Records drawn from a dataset
☆ ☆ ☆ ☆ ☆
(* Let $M$ be a matroid of rank $3$ on $[n]$. If $M$ has no parallel elements, then $M$ is DJS. In particular, every simple matroid of rank $3$ is DJS.
   Context: A rank-$3$ matroid $M$ on $[n]$ is called DJS if, letting $E$ be the set of non-loop elements of $M$, every linear ordering $w_1w_2\cdots w_m$ of $E$ has three consecutive elements $\{w_j,w_{j+1},w_{j+2}\}$ forming a basis of $M$. (Equivalently, the diagonal arrangement $\{U_{ijk}:\{i,j,k\}\text{ a basis}\}$ restricted to the non-loop coordinates meets every chamber of the braid arrangement in a codimension-2 subcomplex.) A matroid is simple if it has no loops and no parallel elements. *)

theory Defs
  imports Main
begin

definition matroid_bases :: "'a set \<Rightarrow> 'a set set \<Rightarrow> bool" where
  "matroid_bases E \<B> \<longleftrightarrow> finite E \<and> \<B> \<noteq> {} \<and> (\<forall>B\<in>\<B>. B \<subseteq> E) \<and>
     (\<forall>B1\<in>\<B>. \<forall>B2\<in>\<B>. \<forall>x\<in>B1 - B2. \<exists>y\<in>B2 - B1. insert y (B1 - {x}) \<in> \<B>)"

definition matroid_rank_eq :: "'a set set \<Rightarrow> nat \<Rightarrow> bool" where
  "matroid_rank_eq \<B> r \<longleftrightarrow> (\<forall>B\<in>\<B>. card B = r)"

definition indep :: "'a set set \<Rightarrow> 'a set \<Rightarrow> bool" where
  "indep \<B> I \<longleftrightarrow> (\<exists>B\<in>\<B>. I \<subseteq> B)"

definition is_loop :: "'a set \<Rightarrow> 'a set set \<Rightarrow> 'a \<Rightarrow> bool" where
  "is_loop E \<B> e \<longleftrightarrow> e \<in> E \<and> \<not> indep \<B> {e}"

definition parallel :: "'a set \<Rightarrow> 'a set set \<Rightarrow> 'a \<Rightarrow> 'a \<Rightarrow> bool" where
  "parallel E \<B> e f \<longleftrightarrow> e \<in> E \<and> f \<in> E \<and> e \<noteq> f \<and> \<not> is_loop E \<B> e \<and> \<not> is_loop E \<B> f
      \<and> \<not> indep \<B> {e, f}"

definition nonloops :: "'a set \<Rightarrow> 'a set set \<Rightarrow> 'a set" where
  "nonloops E \<B> = {e \<in> E. \<not> is_loop E \<B> e}"

definition DJS :: "'a set \<Rightarrow> 'a set set \<Rightarrow> bool" where
  "DJS E \<B> \<longleftrightarrow> (\<forall>ws. distinct ws \<and> set ws = nonloops E \<B> \<longrightarrow>
      (\<exists>j. j + 2 < length ws \<and> {ws ! j, ws ! (j + 1), ws ! (j + 2)} \<in> \<B>))"

end

theory Submission
  imports Defs
begin

text \<open>Without parallel elements any two distinct non-loops are independent. For an independent
  pair {a, b}, the elements x with {a, b, x} not a basis form the line through a and b, and two
  distinct points of that line span the same line. So if no three consecutive entries of an ordering
  form a basis, induction along the ordering puts every entry, hence every basis, on the line
  through its first two entries; but every basis contains an element extending {a, b} to a basis.\<close>

lemma basis_subset_nonloops:
  assumes "matroid_bases E Bs" and "S \<in> Bs"
  shows "S \<subseteq> nonloops E Bs"
  using assms unfolding matroid_bases_def nonloops_def is_loop_def indep_def by blast

lemma indep_pair_if_no_parallel:
  assumes "\<not> (\<exists>e f. parallel E Bs e f)"
    and "a \<in> nonloops E Bs" and "b \<in> nonloops E Bs" and "a \<noteq> b"
  shows "indep Bs {a, b}"
  using assms unfolding parallel_def nonloops_def by blast

lemma indep_extends_by_element_of_basis:
  assumes M: "matroid_bases E Bs" and R: "matroid_rank_eq Bs (Suc (card I))"
    and I: "indep Bs I" and S: "S \<in> Bs"
  shows "\<exists>y\<in>S. insert y I \<in> Bs"
proof -
  obtain B where B: "B \<in> Bs" "I \<subseteq> B" using I unfolding indep_def by blast
  have card_B: "card B = Suc (card I)" using R B(1) unfolding matroid_rank_eq_def by blast
  then have "finite B" using card.infinite by fastforce
  moreover have "finite I" using B(2) \<open>finite B\<close> finite_subset by blast
  ultimately have "card (B - I) = 1" using card_B B(2) by (simp add: card_Diff_subset)
  then obtain e where e: "B - I = {e}" using card_1_singletonE by blast
  then have B_eq: "B = insert e I" and "e \<notin> I" using B(2) by blast+
  show ?thesis
  proof (cases "e \<in> S")
    case True
    then show ?thesis using B(1) B_eq by blast
  next
    case False
    then obtain y where "y \<in> S - B" "insert y (B - {e}) \<in> Bs"
      using M B(1) S B_eq unfolding matroid_bases_def by blast
    moreover have "B - {e} = I" using B_eq \<open>e \<notin> I\<close> by blast
    ultimately show ?thesis by auto
  qed
qed

corollary indep_pair_extends_by_element_of_basis:
  assumes "matroid_bases E Bs" and "matroid_rank_eq Bs 3"
    and "a \<noteq> b" and "indep Bs {a, b}" and "S \<in> Bs"
  shows "\<exists>y\<in>S. {a, b, y} \<in> Bs"
proof -
  have "matroid_rank_eq Bs (Suc (card {a, b}))" using assms(2,3) by (simp add: numeral_3_eq_3)
  then have "\<exists>y\<in>S. insert y {a, b} \<in> Bs"
    using indep_extends_by_element_of_basis assms(1,4,5) by blast
  then show ?thesis by (simp add: insert_commute)
qed

text \<open>Restricted to the ground set, this is the closure of {a, b} whenever {a, b} is an
  independent pair of a rank-3 matroid.\<close>
definition line_through :: "'a set set \<Rightarrow> 'a \<Rightarrow> 'a \<Rightarrow> 'a set" where
  "line_through Bs a b = {x. {a, b, x} \<notin> Bs}"

lemma endpoints_in_line_through:
  assumes "matroid_rank_eq Bs 3"
  shows "a \<in> line_through Bs a b" and "b \<in> line_through Bs a b"
proof -
  have "card {a, b} \<noteq> 3" by (cases "a = b") simp_all
  then have "{a, b} \<notin> Bs" using assms unfolding matroid_rank_eq_def by blast
  then show "a \<in> line_through Bs a b" and "b \<in> line_through Bs a b"
    unfolding line_through_def by (simp_all add: insert_commute)
qed

lemma line_through_subset:
  assumes M: "matroid_bases E Bs" and R: "matroid_rank_eq Bs 3"
    and ab: "a \<noteq> b" "indep Bs {a, b}" and cd: "c \<noteq> d" "indep Bs {c, d}"
    and c: "c \<in> line_through Bs a b" and d: "d \<in> line_through Bs a b"
  shows "line_through Bs c d \<subseteq> line_through Bs a b"
proof
  fix x
  assume x: "x \<in> line_through Bs c d"
  show "x \<in> line_through Bs a b"
  proof (rule ccontr)
    assume "x \<notin> line_through Bs a b"
    then have "{a, b, x} \<in> Bs" unfolding line_through_def by blast
    then obtain z where "z \<in> {a, b, x}" "{c, d, z} \<in> Bs"
      using indep_pair_extends_by_element_of_basis[OF M R cd] by blast
    with x have z: "z \<in> {a, b}" "{c, d, z} \<in> Bs" unfolding line_through_def by auto
    then obtain w where w: "w \<in> {c, d, z}" "{a, b, w} \<in> Bs"
      using indep_pair_extends_by_element_of_basis[OF M R ab] by blast
    with c d have "w \<in> line_through Bs a b" using z(1) endpoints_in_line_through[OF R] by auto
    with w(2) show False unfolding line_through_def by blast
  qed
qed

lemma no_consecutive_basis_imp_on_line:
  assumes M: "matroid_bases E Bs" and R: "matroid_rank_eq Bs 3" and "distinct ws"
    and pairs: "\<And>x y. x \<in> set ws \<Longrightarrow> y \<in> set ws \<Longrightarrow> x \<noteq> y \<Longrightarrow> indep Bs {x, y}"
    and no_basis: "\<And>j. j + 2 < length ws \<Longrightarrow> {ws ! j, ws ! (j + 1), ws ! (j + 2)} \<notin> Bs"
  shows "set ws \<subseteq> line_through Bs (ws ! 0) (ws ! 1)"
proof -
  let ?L = "line_through Bs (ws ! 0) (ws ! 1)"
  have independent_neighbours: "ws ! k \<noteq> ws ! (k + 1)" "indep Bs {ws ! k, ws ! (k + 1)}"
    if "k + 1 < length ws" for k
    using that \<open>distinct ws\<close> pairs by (simp_all add: nth_eq_iff_index_eq)
  have on_line: "ws ! k \<in> ?L \<and> ws ! (k + 1) \<in> ?L" if "k + 1 < length ws" for k
    using that
  proof (induction k)
    case 0
    then show ?case using endpoints_in_line_through[OF R] by simp
  next
    case (Suc k)
    then have IH: "ws ! k \<in> ?L" "ws ! (k + 1) \<in> ?L" by simp_all
    have "ws ! (k + 2) \<in> line_through Bs (ws ! k) (ws ! (k + 1))"
      using no_basis Suc.prems unfolding line_through_def by simp
    also have "\<dots> \<subseteq> ?L"
      using line_through_subset[OF M R _ _ _ _ IH] independent_neighbours Suc.prems by simp
    finally show ?case using IH(2) by simp
  qed
  show ?thesis
  proof
    fix x
    assume "x \<in> set ws"
    then obtain i where "i < length ws" "x = ws ! i" by (auto simp: in_set_conv_nth)
    then show "x \<in> ?L"
      using on_line endpoints_in_line_through[OF R] by (cases i) auto
  qed
qed

theorem proposition6p6:
  fixes n :: nat and \<B> :: "nat set set"
  assumes "matroid_bases {1..n} \<B>"
    and "matroid_rank_eq \<B> 3"
    and "\<not> (\<exists>e f. parallel {1..n} \<B> e f)"
  shows "DJS {1..n} \<B>"
  unfolding DJS_def
proof (intro allI impI)
  fix ws :: "nat list"
  assume ws: "distinct ws \<and> set ws = nonloops {1..n} \<B>"
  obtain S where S: "S \<in> \<B>" using assms(1) unfolding matroid_bases_def by blast
  have S_ws: "S \<subseteq> set ws" using basis_subset_nonloops[OF assms(1) S] ws by simp
  have "3 \<le> length ws"
    using card_mono[OF finite_set S_ws] S assms(2) ws distinct_card
    unfolding matroid_rank_eq_def by fastforce
  then have "0 < length ws" "1 < length ws" by linarith+
  then have distinct_ab: "ws ! 0 \<noteq> ws ! 1" using ws nth_eq_iff_index_eq[of ws 0 1] by simp
  have pairs: "\<And>x y. x \<in> set ws \<Longrightarrow> y \<in> set ws \<Longrightarrow> x \<noteq> y \<Longrightarrow> indep \<B> {x, y}"
    using ws indep_pair_if_no_parallel[OF assms(3)] by simp
  have indep_ab: "indep \<B> {ws ! 0, ws ! 1}"
    using pairs distinct_ab \<open>0 < length ws\<close> \<open>1 < length ws\<close> by simp
  show "\<exists>j. j + 2 < length ws \<and> {ws ! j, ws ! (j + 1), ws ! (j + 2)} \<in> \<B>"
  proof (rule ccontr)
    assume "\<not> ?thesis"
    then have "S \<subseteq> line_through \<B> (ws ! 0) (ws ! 1)"
      using no_consecutive_basis_imp_on_line[OF assms(1,2) _ pairs] ws S_ws by blast
    moreover obtain y where "y \<in> S" "{ws ! 0, ws ! 1, y} \<in> \<B>"
      using indep_pair_extends_by_element_of_basis[OF assms(1,2) distinct_ab indep_ab S] by blast
    ultimately show False unfolding line_through_def by blast
  qed
qed

end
☆ ☆ ☆ ☆ ☆
# YOUR INSTRUCTIONS:
For each line above that contains "ultimately", make a copy.

# FINAL ANSWER:
  ultimately have "card (B - I) = 1" using card_B B(2) by (simp add: card_Diff_subset)
    ultimately show ?thesis by auto
    ultimately show False unfolding line_through_def by blast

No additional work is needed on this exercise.